Convergence to a distribution implies convergence of a logarithm? Let $X_n$ be a sequence of almost surely positive real-valued random variables s.t. $$\sqrt{n} \, \left( X_n -a \right) \to_D \mathcal{N} ( 0, 1)$$
where $\to_D$ denotes convergence in distribution and $a>0$. Now I'm interested in what happens to$$\sqrt{n} \, \log \left( \frac{X_n}{a} \right)$$as $n \to \infty$.
My thoughts were the following: By expanding $\log(x)$ to a series at x=1 we get $$\sqrt{n} \, \log \left( \frac{X_n}{a} \right)= \sqrt{n} \, \frac{X_n-a}{a} + \sqrt{n} \,\mathcal{O} \left( \left( X_n-a \right)^2 \right),$$
and because the higher order terms tend to zero in probability
$$\sqrt{n} \, \log \left( \frac{X_n}{a} \right) \to_D \mathcal{N} \left( 0, \frac{1}{a^2} \right).$$

THIS WAS DUE TO A SIMPLE ERROR IN MY CODE
However, numerical simulations seem to suggest that actually
$$\sqrt{n} \, \log \left( \frac{X_n}{a} \right) \to_P 0,$$where $\to_P$ denotes convergence in probability. I'd appreciate any comments on why my reasoning may not be valid. Even better if someone has an idea of how to do this correctly.

Not a homework.
 A: Indeed $\sqrt{n}\log(X_n/a)$ converges in distribution to a Gaussian $\mathcal{N}(0,1/a^2)$. One way to prove is to use the identity: 
$$ \frac{x}{1+x} \leq \log(1+x) \leq x $$ 
which holds for all $x>-1$ (i.e., whenever $\log(1+x)$ is nicely defined). 

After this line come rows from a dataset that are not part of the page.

section \<open>Tangle-tree duality\<close>

theorem theorem4p4:
  fixes invol :: "'a::lattice \<Rightarrow> 'a"
    and Sv :: "'a set"
    and F :: "'a set set"
  assumes "universe_invol invol"
    and "sep_system invol Sv"
    and "finite Sv"
    and "F \<subseteq> Pow Sv"
    and "\<forall>\<sigma>\<in>F. is_star invol Sv \<sigma>"
    and "standard invol Sv F"
    and "F_separable invol Sv F"
  shows "((\<exists>V E \<alpha>. S_tree_over invol Sv F V E \<alpha>) \<or> (\<exists>Or. is_F_tangle invol Sv F Or)) \<and>
         \<not> ((\<exists>V E \<alpha>. S_tree_over invol Sv F V E \<alpha>) \<and> (\<exists>Or. is_F_tangle invol Sv F Or))"
proof -
  interpret tree_duality invol Sv F
    using assms by unfold_locales
  have "(\<exists>V E \<alpha>. S_tree_over invol Sv F V E \<alpha>) \<or> (\<exists>Or. is_F_tangle invol Sv F Or)"
  proof (cases "buildable invol F")
    case True
    then show ?thesis using buildable_S_tree by blast
  next
    case False
    have "down_closed {}" "augmented {} = F" unfolding down_closed_def augmented_def by auto
    then show ?thesis using tangle_exists False by metis
  qed
  moreover have "\<not> ((\<exists>V E \<alpha>. S_tree_over invol Sv F V E \<alpha>) \<and> (\<exists>Or. is_F_tangle invol Sv F Or))"
    using S_tree_tangle_exclusive by blast
  ultimately show ?thesis by blast
qed

end
lemma smooth_imp_continuous_vgrad: "smooth f \<Longrightarrow> continuous_on UNIV (vgrad f)"
  unfolding vgrad_def by (intro continuous_on_vec_lambda smooth_imp_continuous smooth_partial)

lemma iter_partial_diff:
  assumes "smooth f" "smooth g"
  shows "iter_partial is (\<lambda>y. f y - g y) = (\<lambda>y. iter_partial is f y - iter_partial is g y)"
proof (induction "is")
  case (Cons i "is")
  have "iter_partial (i # is) (\<lambda>y. f y - g y) = partial i (\<lambda>y. iter_partial is f y - iter_partial is g y)"
    using Cons by simp
  also have "\<dots> = (\<lambda>y. partial i (iter_partial is f) y - partial i (iter_partial is g) y)"
    using assms unfolding smooth_def by (intro ext partial_diff) auto
  finally show ?case by simp
qed simp

lemma smooth_diff: "smooth f \<Longrightarrow> smooth g \<Longrightarrow> smooth (\<lambda>y. f y - g y)"
  unfolding smooth_def[of "\<lambda>y. f y - g y"] iter_partial_diff
  by (auto simp: smooth_def intro!: differentiable_diff)

lemma test_fun_vanishes:
  "test_fun D \<phi> \<Longrightarrow> x \<notin> closure {x. \<phi> x \<noteq> 0} \<Longrightarrow> \<phi> x = 0"
  using closure_subset[of "{x. \<phi> x \<noteq> 0}"] by blast

lemma test_fun_diff:
  assumes "test_fun D f" "test_fun D g"
  shows "test_fun D (\<lambda>y. f y - g y)"
proof -
  let ?A = "closure {x. f x \<noteq> 0}" and ?B = "closure {x. g x \<noteq> 0}" and ?C = "closure {x. f x - g x \<noteq> 0}"
  have "?C \<subseteq> closure ({x. f x \<noteq> 0} \<union> {x. g x \<noteq> 0})" by (rule closure_mono) auto
  then have sub: "?C \<subseteq> ?A \<union> ?B" by (simp add: closure_Un)
  have "compact (?A \<union> ?B)" using assms by (auto simp: test_fun_def)
  then have "compact ((?A \<union> ?B) \<inter> ?C)" by (rule compact_Int_closed) simp
  moreover have "(?A \<union> ?B) \<inter> ?C = ?C" using sub by blast
  ultimately have "compact ?C" by simp
  moreover have "?C \<subseteq> D" using sub assms by (auto simp: test_fun_def)
  moreover have "smooth (\<lambda>y. f y - g y)"
    using assms by (intro smooth_diff) (auto simp: test_fun_def)
  ultimately show ?thesis unfolding test_fun_def by blast
qed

So now define $G_n = \sqrt{n}(X_n-a)$.  Then $\log(X_n/a) = \log(1 + \frac{G_n}{a\sqrt{n}})$ and so the above identity gives: 
$$ \frac{\frac{G_n}{a\sqrt{n}}}{1+\frac{G_n}{a\sqrt{n}}} \leq \log(X_n/a) \leq \frac{G_n}{a\sqrt{n}} $$
Multiplying by $\sqrt{n}$ gives: 
$$ \frac{G_n}{a}\left(\frac{1}{1+ \frac{G_n}{a\sqrt{n}}}\right) \leq \sqrt{n}\log(X_n/a) \leq \frac{G_n}{a} $$

Now define: 
\begin{align} 
M_n &=\sqrt{n}\log(X_n/a) \\
Z_n &= \frac{1}{1+\frac{G_n}{a\sqrt{n}}}
\end{align} 
Thus, 
$$  \frac{G_nZ_n}{a} \leq M_n \leq \frac{G_n}{a}  $$
Define $N$ as a Gaussian $\mathcal{N}(0,1/a^2)$. 
Note that $G_n/a$ converges to $N$ in distribution, and $Z_n$ converges to 1 in distribution. 
Upper bound:
For all $x \in \mathbb{R}$ we have: 
$$ Pr[M_n\leq x] \geq Pr[G_n/a \leq x]$$
and so 
$$ \liminf_{n\rightarrow\infty} Pr[M_n \leq x] \geq Pr[N \leq x] $$
Lower bound: For simplicity, fix $x>0$ (similar techniques can be used for $x \leq 0$). We have: 
$$ Pr[M_n \leq x] \leq Pr[G_nZ_n/a \leq x] $$
For all $\epsilon>0$: 
$$ \{G_nZ_n/a \leq x\} \subseteq \{G_n/a \leq x + \epsilon\} \cup \{Z_n < x/(x+\epsilon)\} $$
So: 
$$Pr[M_n \leq x] \leq Pr[G_n/a \leq x+ \epsilon] + Pr[Z_n < x/(x+\epsilon)]\rightarrow Pr[N\leq x+\epsilon] $$
This holds for all $\epsilon>0$, and so (assuming $x>0$): 
$$ \limsup_{n\rightarrow\infty}Pr[M_n \leq x] \leq Pr[N\leq x] $$

The upper and lower bounds together imply $\lim_{n\rightarrow\infty} Pr[M_n\leq x] = Pr[N\leq x]$.